Open the website & creat at new object soup based on the website

In [3]:
url='https://en.wikipedia.org/wiki/List_of_postal_codes_of_Canada:_M'
wiki_html = urllib.request.urlopen(url).read()
soup = BeautifulSoup(wiki_html)

### ii) Scrape the soup and get the data we need: Postcode, Borough and Neighborhood

We could use the command >>>  print(soup.prettify()) <<< in order to print the html code, analyse it and understand where the data we want is.
In order to make this notebook cleaner, I will use the developer tool at the browser to help me understand where the table we need is.
This is what we see by using the developer tool:

In [4]:
Image(filename =  "Wikipedia.jpg", width=1200, height=1200)

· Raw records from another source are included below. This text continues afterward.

lemma continuation_series_sums:
  assumes b: "b > 1" and s: "Re s > 1"
      and g: "\<And>s. Re s > 1 \<Longrightarrow> g s = hurwitz_zeta_series s b - 1 / (s - 1)"
  shows "(\<lambda>j. continuation_term g j s) sums (cpowr b (1-s) / (s-1) - hurwitz_zeta_series s b)"
proof -
  define G where "G k = ((1-s) gchoose (k+1)) * hurwitz_zeta_series (s + of_nat k) b" for k
  have s1: "1 - s \<noteq> 0" using s by auto
  have "(\<lambda>j. G (Suc j)) sums (- cpowr b (1-s) - G 0)"
    using hurwitz_zeta_series_binomial_sums[OF b s] unfolding G_def by (subst sums_Suc_iff) simp
  hence "(\<lambda>j. G (Suc j) / (1 - s)) sums ((- cpowr b (1-s) - G 0) / (1 - s))"
    by (rule sums_divide)
  moreover have "G (Suc j) / (1 - s) = continuation_term g j s" for j
  proof -
    have "of_nat (Suc (Suc j)) * ((1-s) gchoose Suc (Suc j)) = (1-s) * ((-s) gchoose Suc j)"
      using gbinomial_absorption[of "Suc j" "1-s"] by simp
    hence absorb: "((1-s) gchoose Suc (Suc j)) / (1-s) = ((-s) gchoose (j+1)) / of_nat (j+2)"
      using s1 by (simp add: field_simps del: of_nat_Suc)
    have "G (Suc j) / (1 - s)
          = ((1-s) gchoose Suc (Suc j)) / (1-s) * hurwitz_zeta_series (s + of_nat (j+1)) b"
      by (simp add: G_def add_ac)
    also have "\<dots> = ((-s) gchoose (j+1)) / of_nat (j+2) * hurwitz_zeta_series (s + of_nat (j+1)) b"
      unfolding absorb ..
    also have "\<dots> = continuation_term g j s"
      using s by (intro continuation_term_eq[symmetric]) (auto simp: g complex_eq_iff)
    finally show ?thesis .
  qed
  moreover have "(- cpowr b (1-s) - G 0) / (1 - s) = cpowr b (1-s) / (s-1) - hurwitz_zeta_series s b"
    using s1 by (simp add: G_def field_simps)
  ultimately show ?thesis by simp
qed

<IPython.core.display.Image object>

We can see that the date we need is found at a structure like this:

In [5]:
Image(filename =  "StructureHTML.jpg", width=350, height=350)

<IPython.core.display.Image object>

So the first thing is to find the table in our html

In [6]:
table=soup.find('table')

Now we only have the table data. But we only want the following info: Postcode, Borough and Neighborhood.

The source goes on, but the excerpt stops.